The hope of scientists working in this area, including those funded by Breast Cancer Now, is to develop brand new targeted treatments for triple negative breast cancer. But it’s also vitally important that we identify which patients will benefit the most from the drugs that already exist.
One such group of drugs is chemotherapy, a cornerstone treatment in breast cancer, especially for women with triple negative. However, chemotherapy has a reputation for horrible side-effects which can have a big effect on everyday life for patients. For that reason, compared to ‘smarter’ targeted therapies, chemotherapy is often seen as a blunt instrument - a sledgehammer to crack a nut.
But every tool has its purpose – so what if a sledgehammer was the right tool for the job? What if, for a certain group of women with breast cancer, the right chemotherapy drug was perfectly suited to treat their cancer? Could a chemotherapy drug ever be considered a ‘targeted’ therapy?
Professor Andrew Tutt, who leads the Breast Cancer Now Toby Robins Research Centre at the Institute of Cancer Research and our Research Unit at King’s College London, certainly thinks so - and he has the evidence to back it up. The long-awaited final results of the “Triple Negative Trial ” (TNT), a clinical study jointly funded by Breast Cancer Now and Cancer Research UK, have been published in the journal Nature Medicine.

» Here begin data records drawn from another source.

lemma derives_deduction:
  assumes "derives j1 j5 (insert A \<Gamma>) B"
  shows "derives j1 j5 \<Gamma> (Imp A B)"
proof -
  obtain As where As: "set As \<subseteq> insert A \<Gamma>" "prov j1 j5 (Imp (Conjs As) B)"
    using assms unfolding derives_def by blast
  let ?As = "filter (\<lambda>A'. A' \<noteq> A) As"
  have "prov j1 j5 (Imp (Conjs ?As) (Imp A B))"
    by (rule prov_taut_consequence[of "[Imp (Conjs As) B]"]) (use As(2) in \<open>auto simp: taut_def\<close>)
  moreover have "set ?As \<subseteq> \<Gamma>"
    using As(1) by auto
  ultimately show ?thesis
    unfolding derives_def by blast
qed

lemma derives_Box:
  assumes "derives j1 j5 \<Gamma> A"
  shows "derives j1 j5 (Box ` \<Gamma>) (Box A)"
proof -
  obtain As where "set As \<subseteq> \<Gamma>" and "prov j1 j5 (Imp (Conjs As) A)"
    using assms unfolding derives_def by blast
  then show ?thesis
    unfolding derives_def using prov_Box_Conjs by (intro exI[of _ "map Box As"]) auto
qed

lemma derives_Rhd_Disjs:
  "\<forall>E\<in>set Es. derives j1 j5 \<Gamma> (Rhd E D) \<Longrightarrow> derives j1 j5 \<Gamma> (Rhd (Disjs Es) D)"
proof (induction Es)
  case Nil
  then show ?case
    using prov_Rhd_Bot derives_prov by simp
next
  case (Cons E Es)
  then have "derives j1 j5 \<Gamma> (And (Rhd E D) (Rhd (Disjs Es) D))"
    by (intro derives_taut_consequence[of "[Rhd E D, Rhd (Disjs Es) D]"]) (auto simp: taut_def)
  then show ?case
    using ax_J3 derives_prov_mp by simp
qed

lemma consistent_insert_or_insert_Neg:
  assumes "consistent j1 j5 \<Gamma>"
  shows "consistent j1 j5 (insert A \<Gamma>) \<or> consistent j1 j5 (insert (Neg A) \<Gamma>)"
proof (rule ccontr)
  assume "\<not> ?thesis"
  then have "derives j1 j5 \<Gamma> (Imp A Bot)" and "derives j1 j5 \<Gamma> (Imp (Neg A) Bot)"
    unfolding consistent_def by (auto intro: derives_deduction)
  then have "derives j1 j5 \<Gamma> Bot"
    by (intro derives_taut_consequence[of "[Imp A Bot, Imp (Neg A) Bot]"]) (auto simp: taut_def)
  then show False
    using assms by (simp add: consistent_def)
qed

lemma consistent_mono: "consistent j1 j5 \<Delta> \<Longrightarrow> \<Gamma> \<subseteq> \<Delta> \<Longrightarrow> consistent j1 j5 \<Gamma>"
  unfolding consistent_def using derives_mono by blast

lemma consistent_not_both:
  assumes "consistent j1 j5 \<Gamma>" and "derives j1 j5 \<Gamma> A" and "derives j1 j5 \<Gamma> (Neg A)"
  shows False
proof -
  have "derives j1 j5 \<Gamma> Bot"
    by (rule derives_taut_consequence[of "[A, Neg A]"]) (use assms(2,3) in \<open>auto simp: taut_def\<close>)
  then show False
    using assms(1) by (simp add: consistent_def)
qed

lemma consistent_extend_finite:
  assumes "finite X" and "consistent j1 j5 \<Gamma>"
  shows "\<exists>Q\<subseteq>X. consistent j1 j5 (\<Gamma> \<union> Q \<union> Neg ` (X - Q))"
  using assms
proof (induction X rule: finite_induct)
  case empty
  then show ?case
    by simp
next
  case (insert A X)
  then obtain Q where Q: "Q \<subseteq> X" "consistent j1 j5 (\<Gamma> \<union> Q \<union> Neg ` (X - Q))"
    by blast
  have "\<Gamma> \<union> insert A Q \<union> Neg ` (insert A X - insert A Q) = insert A (\<Gamma> \<union> Q \<union> Neg ` (X - Q))"
    and "\<Gamma> \<union> Q \<union> Neg ` (insert A X - Q) = insert (Neg A) (\<Gamma> \<union> Q \<union> Neg ` (X - Q))"
    using Q(1) insert.hyps(2) by auto
  then show ?case
    using consistent_insert_or_insert_Neg[OF Q(2)] Q(1) by (metis insert_mono subset_insertI2)
qed

end

fun subformulas :: "fm \<Rightarrow> fm set" where
  "subformulas (Imp A B) = insert (Imp A B) (subformulas A \<union> subformulas B)"
| "subformulas (Or A B) = insert (Or A B) (subformulas A \<union> subformulas B)"
| "subformulas (And A B) = insert (And A B) (subformulas A \<union> subformulas B)"
| "subformulas (Box A) = insert (Box A) (subformulas A)"
| "subformulas (Rhd A B) = insert (Rhd A B) (subformulas A \<union> subformulas B)"
| "subformulas A = {A}"

lemma subformulas_refl [simp]: "A \<in> subformulas A"
  by (cases A) auto

lemma finite_subformulas [simp]: "finite (subformulas A)"
  by (induction A) auto

lemma subformulas_trans: "B \<in> subformulas A \<Longrightarrow> subformulas B \<subseteq> subformulas A"
  by (induction A) auto

lemma subformulas_Neg [simp]: "subformulas (Neg A) = insert (Neg A) (insert Bot (subformulas A))"
  by (auto simp: Neg_def)

lemma subformulas_Conjs: "A \<in> set As \<Longrightarrow> A \<in> subformulas (Conjs As)"
  by (induction As) auto
(* Let $p\in(0,1)$ and let $\{X_n,n\geq1\}$ be a $\varphi$-mixing sequence of random variables with common marginal distribution function $F$, whose mixing coefficients satisfy $\sum_{n=1}^\infty\varphi^{1/2}(n)<\infty$. Let $\xi_p=\inf\{x:F(x)\geq p\}$ and $\xi_{p,n}=\inf\{x:F_n(x)\geq p\}$. Assume that $F$ is differentiable at $\xi_p$ with $F'(\xi_p)=f(\xi_p)>0$, and that $f'$ (the derivative of the density $f=F'$) is bounded in a neighborhood $\mathscr{N}_p$ of $\xi_p$. Then for any $\delta>0$, with probability 1, $$|\xi_{p,n}-\xi_p|\leq\frac{(2\sqrt{C_3}+\delta)(\log n)^{1/2}}{f(\xi_p)\,n^{1/2}}\quad\text{for all } n\text{ sufficiently large},$$ where $C_3=4\big[1+4\sum_{n=1}^\infty\varphi^{1/2}(n)\big]$.
   Context: All random variables are defined on a probability space $(\Omega,\mathcal{F},P)$. $F_n(x)=\frac1n\sum_{i=1}^n I(X_i\leq x)$ is the empirical distribution function of $X_1,\dots,X_n$. For $n\leq m$ let $\mathcal{F}_n^m=\sigma(X_i,n\leq i\leq m)$. For sub-$\sigma$-algebras $\mathcal{B},\mathcal{R}$ let $\varphi(\mathcal{B},\mathcal{R})=\sup_{A\in\mathcal{B},B\in\mathcal{R},P(A)>0}|P(B\mid A)-P(B)|$, and the mixing coefficients are $\varphi(n)=\sup_{k\geq1}\varphi(\mathcal{F}_1^k,\mathcal{F}_{k+n}^\infty)$. The sequence is called $\varphi$-mixing if $\varphi(n)\downarrow0$ as $n\to\infty$. *)

theory Defs
  imports "HOL-Probability.Probability"
begin

text \<open>Random variables are indexed from 1: X 1, X 2, ... (X 0 is ignored).\<close>

definition gen_sigma :: "'a measure \<Rightarrow> (nat \<Rightarrow> 'a \<Rightarrow> real) \<Rightarrow> nat set \<Rightarrow> 'a set set" where
  "gen_sigma M X I = sigma_sets (space M) (\<Union>i\<in>I. {X i -` B \<inter> space M | B. B \<in> sets borel})"

definition phi_coef :: "'a measure \<Rightarrow> 'a set set \<Rightarrow> 'a set set \<Rightarrow> real" where
  "phi_coef M \<B> \<R> = Sup {\<bar>measure M (A \<inter> B) / measure M A - measure M B\<bar> | A B.
      A \<in> \<B> \<and> B \<in> \<R> \<and> measure M A > 0}"

definition phi_mix :: "'a measure \<Rightarrow> (nat \<Rightarrow> 'a \<Rightarrow> real) \<Rightarrow> nat \<Rightarrow> real" where
  "phi_mix M X n = (SUP k\<in>{1..}. phi_coef M (gen_sigma M X {1..k}) (gen_sigma M X {k+n..}))"

definition phi_mixing :: "'a measure \<Rightarrow> (nat \<Rightarrow> 'a \<Rightarrow> real) \<Rightarrow> bool" where
  "phi_mixing M X \<longleftrightarrow> antimono (phi_mix M X) \<and> (phi_mix M X \<longlonglongrightarrow> 0)"

definition emp_df :: "(nat \<Rightarrow> 'a \<Rightarrow> real) \<Rightarrow> nat \<Rightarrow> 'a \<Rightarrow> real \<Rightarrow> real" where
  "emp_df X n \<omega> x = (1 / real n) * (\<Sum>i=1..n. if X i \<omega> \<le> x then 1 else 0)"

definition quantile :: "(real \<Rightarrow> real) \<Rightarrow> real \<Rightarrow> real" where
  "quantile G p = Inf {x. G x \<ge> p}"

end

theory Submission
  imports Defs "HOL-Real_Asymp.Real_Asymp"
begin

(* Put Y_i = +-(1{X_i <= x} - F x).  If |xi_{p,n} - xi_p| > eps_n, then for x = xi_p + eps_n or
   x = xi_p - eps_n the sum of the Y_i (with the appropriate sign) is at least n f(xi_p) eps_n (1 - o(1)),
   i.e. of order C sqrt (n log n).  Cut 1..n into alternating blocks of length g ~ n^(1/3).  Blocks of
   equal parity are g apart, so by the phi-mixing covariance inequality the exponential moment of their
   sum is at most the product over the blocks B of E exp(lam S_B) + 6 lam |B| phi(g), and the second
   moment of S_B is at most |B| (1/4 + 2 sum sqrt phi).  Monotonicity gives phi(g) <= (sum sqrt phi)^2 / g^2, so
   with lam ~ sqrt (log n / n) the Chernoff bound makes the probability of such a deviation O(n^-2),
   and Borel-Cantelli finishes the proof. *)

definition gen_measure :: "'a measure \<Rightarrow> (nat \<Rightarrow> 'a \<Rightarrow> real) \<Rightarrow> nat set \<Rightarrow> 'a measure" where
  "gen_measure M X I = sigma (space M) (gen_sigma M X I)"

lemma gen_sigma_subset_Pow: "gen_sigma M X I \<subseteq> Pow (space M)"
  unfolding gen_sigma_def by (auto dest: sigma_sets_into_sp[rotated])

lemma space_gen_measure[simp]: "space (gen_measure M X I) = space M"
  unfolding gen_measure_def by (simp add: space_measure_of_conv)

lemma sets_gen_measure[simp]: "sets (gen_measure M X I) = gen_sigma M X I"
proof -
  have "sets (gen_measure M X I) = sigma_sets (space M) (gen_sigma M X I)"
    unfolding gen_measure_def by (rule sets_measure_of[OF gen_sigma_subset_Pow])
  also have "\<dots> = gen_sigma M X I"
    unfolding gen_sigma_def by (rule sigma_sets_sigma_sets_eq) auto
  finally show ?thesis .
qed

lemma space_in_gen_sigma: "space M \<in> gen_sigma M X I"
  unfolding gen_sigma_def by (rule sigma_sets_top)

lemma empty_in_gen_sigma: "{} \<in> gen_sigma M X I"
  unfolding gen_sigma_def by (rule sigma_sets.Empty)

lemma measurable_gen_measure: "i \<in> I \<Longrightarrow> X i \<in> borel_measurable (gen_measure M X I)"
  by (rule measurableI) (auto simp: gen_sigma_def)

lemma gen_sigma_mono: "I \<subseteq> J \<Longrightarrow> gen_sigma M X I \<subseteq> gen_sigma M X J"
  unfolding gen_sigma_def by (rule sigma_sets_mono') blast

lemma measurable_gen_measure_mono:
  fixes f :: "'a \<Rightarrow> 'b::topological_space"
  assumes "I \<subseteq> J" "f \<in> borel_measurable (gen_measure M X I)"
  shows "f \<in> borel_measurable (gen_measure M X J)"
proof (rule measurableI)
  fix A :: "'b set" assume "A \<in> sets borel"
  then have "f -` A \<inter> space (gen_measure M X I) \<in> sets (gen_measure M X I)"
    using assms by (intro measurable_sets) auto
  then show "f -` A \<inter> space (gen_measure M X J) \<in> sets (gen_measure M X J)"
    using gen_sigma_mono[OF \<open>I \<subseteq> J\<close>, of M X] by auto
qed auto

lemma gen_sigma_preimage:
  assumes "f \<in> borel_measurable (gen_measure M X I)" "S \<in> sets borel"
  shows "{\<omega>\<in>space M. f \<omega> \<in> S} \<in> gen_sigma M X I"
proof -
  have "f -` S \<inter> space (gen_measure M X I) \<in> sets (gen_measure M X I)"
    using assms by (intro measurable_sets)
  moreover have "f -` S \<inter> space (gen_measure M X I) = {\<omega>\<in>space M. f \<omega> \<in> S}" by auto
  ultimately show ?thesis by simp
qed

context prob_space
begin

lemma abs_cond_prob_diff_le_1:
  assumes "A \<in> sets M" "B \<in> sets M" "prob A > 0"
  shows "\<bar>prob (A \<inter> B) / prob A - prob B\<bar> \<le> 1"
proof -
  have "prob (A \<inter> B) \<le> prob A" using assms by (intro finite_measure_mono) auto
  then have "prob (A \<inter> B) / prob A \<le> 1" "0 \<le> prob (A \<inter> B) / prob A" using assms by auto
  moreover have "prob B \<le> 1" "0 \<le> prob B" by auto
  ultimately show ?thesis unfolding abs_le_iff by linarith
qed

lemma abs_cond_prob_diff_le_phi_coef:
  assumes "\<B> \<subseteq> sets M" "\<R> \<subseteq> sets M" "A \<in> \<B>" "B \<in> \<R>" "prob A > 0"
  shows "\<bar>prob (A \<inter> B) / prob A - prob B\<bar> \<le> phi_coef M \<B> \<R>"
  unfolding phi_coef_def
proof (rule cSup_upper)
  show "\<bar>prob (A \<inter> B) / prob A - prob B\<bar> \<in> {\<bar>prob (A \<inter> B) / prob A - prob B\<bar> | A B.
      A \<in> \<B> \<and> B \<in> \<R> \<and> prob A > 0}"
    using assms by blast
  show "bdd_above {\<bar>prob (A \<inter> B) / prob A - prob B\<bar> | A B. A \<in> \<B> \<and> B \<in> \<R> \<and> prob A > 0}"
    using assms(1,2) by (intro bdd_aboveI[of _ 1]) (auto intro!: abs_cond_prob_diff_le_1)
qed

lemma phi_coef_nonneg:
  assumes "\<B> \<subseteq> sets M" "\<R> \<subseteq> sets M" "space M \<in> \<B>" "{} \<in> \<R>"
  shows "0 \<le> phi_coef M \<B> \<R>"
  using abs_cond_prob_diff_le_phi_coef[OF assms] by (simp add: prob_space)

lemma phi_coef_le_1:
  assumes "\<B> \<subseteq> sets M" "\<R> \<subseteq> sets M" "space M \<in> \<B>" "{} \<in> \<R>"
  shows "phi_coef M \<B> \<R> \<le> 1"
proof -
  let ?D = "{\<bar>prob (A \<inter> B) / prob A - prob B\<bar> | A B. A \<in> \<B> \<and> B \<in> \<R> \<and> prob A > 0}"
  have "0 \<in> ?D"
    using assms(3,4) by (intro CollectI exI[of _ "space M"] exI[of _ "{}"]) (auto simp: prob_space)
  moreover have "d \<le> 1" if "d \<in> ?D" for d
    using that assms(1,2) by (auto intro!: abs_cond_prob_diff_le_1)
  ultimately show ?thesis unfolding phi_coef_def by (intro cSup_least) auto
qed

end

locale rv_sequence = prob_space M for M :: "'a measure" +
  fixes X :: "nat \<Rightarrow> 'a \<Rightarrow> real"
  assumes measurable_X: "\<And>i. i \<ge> 1 \<Longrightarrow> X i \<in> borel_measurable M"
begin

lemma gen_sigma_subset_sets: "I \<subseteq> {1..} \<Longrightarrow> gen_sigma M X I \<subseteq> sets M"
  unfolding gen_sigma_def
  by (rule sets.sigma_sets_subset) (use measurable_X in \<open>auto intro: measurable_sets\<close>)

lemma borel_measurable_gen_measure:
  fixes f :: "'a \<Rightarrow> 'b::topological_space"
  assumes "I \<subseteq> {1..}" "f \<in> borel_measurable (gen_measure M X I)"
  shows "f \<in> borel_measurable M"
proof (rule measurableI)
  fix A :: "'b set" assume "A \<in> sets borel"
  then have "f -` A \<inter> space (gen_measure M X I) \<in> sets (gen_measure M X I)"
    using assms by (intro measurable_sets) auto
  then show "f -` A \<inter> space M \<in> sets M"
    using gen_sigma_subset_sets[OF \<open>I \<subseteq> {1..}\<close>] by auto
qed auto

lemma phi_coef_le_phi_mix:
  "k \<ge> 1 \<Longrightarrow> phi_coef M (gen_sigma M X {1..k}) (gen_sigma M X {k+g..}) \<le> phi_mix M X g"
  unfolding phi_mix_def
  by (rule cSUP_upper)
     (auto intro!: bdd_aboveI2[where M=1] phi_coef_le_1 gen_sigma_subset_sets
        space_in_gen_sigma empty_in_gen_sigma)

lemma phi_mix_nonneg: "0 \<le> phi_mix M X g"
proof -
  have "0 \<le> phi_coef M (gen_sigma M X {1..1}) (gen_sigma M X {1+g..})"
    by (intro phi_coef_nonneg gen_sigma_subset_sets space_in_gen_sigma empty_in_gen_sigma) auto
  then show ?thesis using phi_coef_le_phi_mix[of 1 g] by linarith
qed

lemma phi_mix_le_1: "phi_mix M X g \<le> 1"
  unfolding phi_mix_def
  by (rule cSUP_least)
     (auto intro!: phi_coef_le_1 gen_sigma_subset_sets space_in_gen_sigma empty_in_gen_sigma)

lemma abs_prob_Int_diff_le_phi_mix:
  assumes k: "k \<ge> 1" and A: "A \<in> gen_sigma M X {1..k}" and B: "B \<in> gen_sigma M X {k+g..}"
  shows "\<bar>prob (A \<inter> B) - prob A * prob B\<bar> \<le> phi_mix M X g * prob A"
proof (cases "prob A > 0")
  case True
  have "\<bar>prob (A \<inter> B) / prob A - prob B\<bar> \<le> phi_mix M X g"
    using abs_cond_prob_diff_le_phi_coef[OF _ _ A B True] phi_coef_le_phi_mix[OF k, of g] k
      gen_sigma_subset_sets[of "{1..k}"] gen_sigma_subset_sets[of "{k+g..}"]
    by fastforce
  then have "\<bar>prob (A \<inter> B) / prob A - prob B\<bar> * prob A \<le> phi_mix M X g * prob A"
    using True by (intro mult_right_mono) auto
  also have "\<bar>prob (A \<inter> B) / prob A - prob B\<bar> * prob A = \<bar>prob (A \<inter> B) - prob A * prob B\<bar>"
    using True by (simp add: abs_mult[symmetric] field_simps)
  finally show ?thesis .
next
  case False
  then have "prob A = 0" using measure_nonneg[of M A] by linarith
  moreover have "prob (A \<inter> B) \<le> prob A"
    using A gen_sigma_subset_sets[of "{1..k}"] by (intro finite_measure_mono) auto
  ultimately show ?thesis using measure_nonneg[of M "A \<inter> B"] by simp
qed
(* Let $g:\mathbb{R}^n\to\mathbb{R}^n$ be convex, order-preserving and additively homogeneous, and assume $g$ admits at least one harmonic vector. Let $C$ be the set of critical nodes of $g$ and $N=[n]\setminus C$. Let $u\in\mathbb{R}^n$ be super-harmonic for $g$ ($g(u)\le u$). Then each of the following conditions defines uniquely a vector $v\in\mathbb{R}^n$, and all four define the same vector: (i) $v=\lim_{k\to\infty} g^k(u)$ (the limit exists); (ii) $v$ is harmonic for $g$ and $v_C=u_C$; (iii) $v_C=u_C$ and $v_N$ is a fixed point of the map $h:\mathbb{R}^N\to\mathbb{R}^N$, $h(y)=\big(g(\imath_N(y,u_C))\big)_N$; (iv) $v$ is the smallest super-harmonic vector of $g$ that dominates $u$ on $C$ (i.e. with $v_C\ge u_C$).
   Context: $[n]=\{1,\dots,n\}$, $g^k$ is the $k$-th iterate of $g$. A map $g:\mathbb{R}^n\to\mathbb{R}^n$ is order-preserving if $x\le y$ (coordinatewise) implies $g(x)\le g(y)$; additively homogeneous if $g(\lambda+x)=\lambda+g(x)$ for all $\lambda\in\mathbb{R}$, $x\in\mathbb{R}^n$; convex if each coordinate $g_i$ is convex. A vector $u$ is harmonic for $g$ if $g(u)=u$ and super-harmonic if $g(u)\le u$. The subdifferential of $g$ at $u$ is $\partial g(u)=\{M\in\mathbb{R}^{n\times n}: g(x)-g(u)\ge M(x-u)\ \forall x\}$ (its elements are stochastic matrices here). For $I\subseteq[n]$, $x_I$ denotes the restriction of $x$ to $I$, $M_{IJ}$ the $I\times J$ submatrix, and $\imath_N(y,z)$ the vector of $\mathbb{R}^n$ with $N$-coordinates $y$ and $C$-coordinates $z$. A recurrence class of $M$ is a final communication class $F$ of $M$ (strongly connected class of the graph of nonzero entries with no arc leaving it) with $M_{FF}$ stochastic. A node is critical for $g$ if it belongs to a recurrence class of some $M\in\partial g(w)$, where $w$ is a harmonic vector of $g$; this set does not depend on the choice of $w$. *)

theory Defs
  imports "HOL-Analysis.Analysis"
begin

text \<open>Vectors of R^n are modelled as real^'n (index type 'n of class finite);
  the order on real^'n is the coordinatewise order.\<close>

definition order_preserving :: "(real^'n \<Rightarrow> real^'n) \<Rightarrow> bool" where
  "order_preserving g \<longleftrightarrow> (\<forall>x y. x \<le> y \<longrightarrow> g x \<le> g y)"

definition additively_homogeneous :: "(real^'n \<Rightarrow> real^'n) \<Rightarrow> bool" where
  "additively_homogeneous g \<longleftrightarrow>
     (\<forall>(c::real) x. g ((\<chi> i. c) + x) = (\<chi> i. c) + g x)"

definition convex_map :: "(real^'n \<Rightarrow> real^'n) \<Rightarrow> bool" where
  "convex_map g \<longleftrightarrow> (\<forall>i. convex_on UNIV (\<lambda>x. g x $ i))"

definition harmonic :: "(real^'n \<Rightarrow> real^'n) \<Rightarrow> real^'n \<Rightarrow> bool" where
  "harmonic g u \<longleftrightarrow> g u = u"

definition super_harmonic :: "(real^'n \<Rightarrow> real^'n) \<Rightarrow> real^'n \<Rightarrow> bool" where
  "super_harmonic g u \<longleftrightarrow> g u \<le> u"

definition subdifferential :: "(real^'n \<Rightarrow> real^'n) \<Rightarrow> real^'n \<Rightarrow> (real^'n^'n) set" where
  "subdifferential g u = {M. \<forall>x. M *v (x - u) \<le> g x - g u}"

definition mat_graph :: "real^'n^'n \<Rightarrow> ('n \<times> 'n) set" where
  "mat_graph M = {(i, j). M $ i $ j \<noteq> 0}"

text \<open>A recurrence class: a final communication class F of M with M_FF stochastic.\<close>
definition recurrence_class :: "real^'n^'n \<Rightarrow> 'n set \<Rightarrow> bool" where
  "recurrence_class M F \<longleftrightarrow>
     (\<exists>i. F = {j. (i, j) \<in> (mat_graph M)\<^sup>* \<and> (j, i) \<in> (mat_graph M)\<^sup>*}) \<and>
     (\<forall>i\<in>F. \<forall>j. M $ i $ j \<noteq> 0 \<longrightarrow> j \<in> F) \<and>
     (\<forall>i\<in>F. \<forall>j\<in>F. 0 \<le> M $ i $ j) \<and>
     (\<forall>i\<in>F. (\<Sum>j\<in>F. M $ i $ j) = 1)"

definition critical_nodes :: "(real^'n \<Rightarrow> real^'n) \<Rightarrow> 'n set" where
  "critical_nodes g = {i. \<exists>w. harmonic g w \<and>
      (\<exists>M \<in> subdifferential g w. \<exists>F. recurrence_class M F \<and> i \<in> F)}"

end

theory Submission
  imports Defs
begin

text \<open>Every subgradient of g is a stochastic matrix, so differences between harmonic and
  super- or sub-harmonic vectors obey a discrete maximum principle: the set where such a
  difference attains its extremum is closed in the graph of a subgradient at a harmonic
  vector, hence contains a recurrence class and therefore a critical node. Thus g fixes the
  critical coordinates of a super-harmonic vector, and a harmonic vector (indeed any vector
  fixed by g off the critical nodes) is determined by its critical coordinates. The orbit
  g^k(u) of a super-harmonic u decreases, is bounded below by a translate of a harmonic
  vector and keeps the critical coordinates of u, so it converges, by continuity of the
  convex map g, to a harmonic vector v with v_C = u_C; the comparison principles identify v
  with the vectors described in (ii)-(iv).\<close>

lemma convex_on_subgradient:
  fixes f :: "'a::euclidean_space \<Rightarrow> real"
  assumes "convex_on UNIV f"
  obtains r where "\<And>x. f p + r \<bullet> (x - p) \<le> f x"
proof -
  have "convex (epigraph UNIV f)" using assms by (rule convex_epigraphI)
  moreover have "convex ({p} \<times> {..<f p})"
    by (intro convex_Times convex_singleton convex_real_interval)
  moreover have "(p, f p) \<in> epigraph UNIV f" and "(p, f p - 1) \<in> {p} \<times> {..<f p}"
    by (auto simp: mem_epigraph)
  moreover have "epigraph UNIV f \<inter> ({p} \<times> {..<f p}) = {}"
    by (auto simp: mem_epigraph)
  ultimately obtain a b where "a \<noteq> 0"
    and above: "\<forall>z\<in>epigraph UNIV f. a \<bullet> z \<le> b"
    and below: "\<forall>z\<in>{p} \<times> {..<f p}. b \<le> a \<bullet> z"
    using separating_hyperplane_sets by (metis empty_iff)
  obtain a1 a2 where a: "a = (a1, a2)" by fastforce
  have epi: "a1 \<bullet> x + a2 * s \<le> b" if "f x \<le> s" for x s
    using above[rule_format, of "(x, s)"] that by (simp add: a mem_epigraph)
  have strict: "b \<le> a1 \<bullet> p + a2 * s" if "s < f p" for s
    using below[rule_format, of "(p, s)"] that by (simp add: a)
  have "a2 \<le> 0"
    using epi[of p "f p"] strict[of "f p - 1"] by (simp add: algebra_simps)
  moreover have "a2 \<noteq> 0"
  proof
    assume "a2 = 0"
    then have "a1 \<bullet> (p + a1) \<le> a1 \<bullet> p"
      using epi[of "p + a1" "f (p + a1)"] strict[of "f p - 1"] by simp
    then have "a1 = 0" by (simp add: inner_add_right not_less[symmetric])
    with \<open>a2 = 0\<close> \<open>a \<noteq> 0\<close> show False by (simp add: a zero_prod_def)
  qed
  ultimately have "a2 < 0" by simp
  have "f p + (- (1 / a2)) *\<^sub>R a1 \<bullet> (x - p) \<le> f x" for x
  proof -
    have "s \<le> f x + (a1 \<bullet> (x - p)) / a2" if "s < f p" for s
    proof -
      have "a1 \<bullet> (x - p) \<le> a2 * (s - f x)"
        using epi[of x "f x"] strict[OF that] by (simp add: inner_diff_right algebra_simps)
      then have "s - f x \<le> (a1 \<bullet> (x - p)) / a2"
        using \<open>a2 < 0\<close> by (simp add: neg_le_divide_eq mult.commute)
      then show ?thesis by simp
    qed
    then have "f p \<le> f x + (a1 \<bullet> (x - p)) / a2" by (rule dense_le)
    then show ?thesis by simp
  qed
  then show ?thesis by (rule that)
qed

definition stochastic_matrix :: "real^'n^'n \<Rightarrow> bool" where
  "stochastic_matrix M \<longleftrightarrow> (\<forall>i j. 0 \<le> M$i$j) \<and> (\<forall>i. (\<Sum>j\<in>UNIV. M$i$j) = 1)"

lemma stochastic_row_average_ge:
  fixes M :: "real^'n^'n"
  assumes "stochastic_matrix M" and lower: "\<And>j. M$i$j \<noteq> 0 \<Longrightarrow> m \<le> d$j"
  shows "m \<le> M$i \<bullet> d"
proof -
  have "m = (\<Sum>j\<in>UNIV. M$i$j * m)"
    using assms(1) by (simp add: stochastic_matrix_def sum_distrib_right[symmetric])
  also have "\<dots> \<le> (\<Sum>j\<in>UNIV. M$i$j * d$j)"
    using assms(1) lower
    by (intro sum_mono) (metis mult_eq_0_iff mult_left_mono order_refl stochastic_matrix_def)
  finally show ?thesis by (simp add: inner_vec_def)
qed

The Triple Negative Trial was set up by Professor Tutt to investigate whether women with triple negative breast cancer whose cancer had spread would be better off receiving a chemotherapy drug called carboplatin, rather than docetaxel, the chemotherapy they would typically receive.
Professor Tutt and colleagues had good reason to suspect that carboplatin could be very effective for a specific group of patients – those who carry mutations in either the BRCA1 or BRCA2 genes. This is because the type of damage caused by carboplatin, and other ‘platinum’ chemotherapies like it, can normally be repaired with the help of the BRCA1 and BRCA2 proteins.
But tumours with changes in either of the BRCA genes (which contain the instructions to make the BRCA1 and 2 proteins) are much less able to repair this damage, meaning the cancer cells stop multiplying and die. Research in the lab has backed up this theory that cancer cells with BRCA mutations are very sensitive to carboplatin and other drugs like it – so it was time to see whether the same was true in patients.
Starting in 2008, nearly 400 women from across the UK took part in the Triple Negative Trial, made up of patients with triple negative breast cancer whose disease had spread throughout the body. Alterations in the BRCA genes are often associated with triple negative breast cancer, so the researchers wanted to study the effects of these chemotherapy drugs amongst a wider group of women with triple negative disease, rather than just BRCA mutation carriers. Half of these women received docetaxel as they would have done normally, and the other half received carboplatin.
As expected, for the majority of participants, who did not carry a BRCA mutation, it made no difference whether they received carboplatin or docetaxel – about a third of them saw their tumours shrink in response to chemotherapy.
But for the women who carry a BRCA mutation (about 10% of the participants in this study), carboplatin made a big difference: 68% of them saw their cancer shrink in response to carboplatin, more than twice as many as did amongst those who received docetaxel (33.3%).
What’s more, carboplatin delayed the progression of the disease by 6.8 months, compared to 4.4 months with docetaxel – representing around two and half months of extra time for these women before their disease got worse.
Side-effects are a big concern for many people with breast cancer, particularly those with secondary breast cancer, who hope to maintain a good quality of life whilst their treatment continues. So it was reassuring that, although the side-effects caused by both drugs were as expected, the patients receiving carboplatin experienced fewer severe, potentially life-threatening, side-effects compared to those receiving docetaxel.
It’s exciting that thanks to this study, we are now able to identify women with triple negative breast cancer who could benefit from carboplatin – which happens to be a cheaper option compared to docetaxel. It’s even more exciting that these women can be identified with a genetic test for a BRCA mutation – something that is also relatively inexpensive and already widely available throughout the world.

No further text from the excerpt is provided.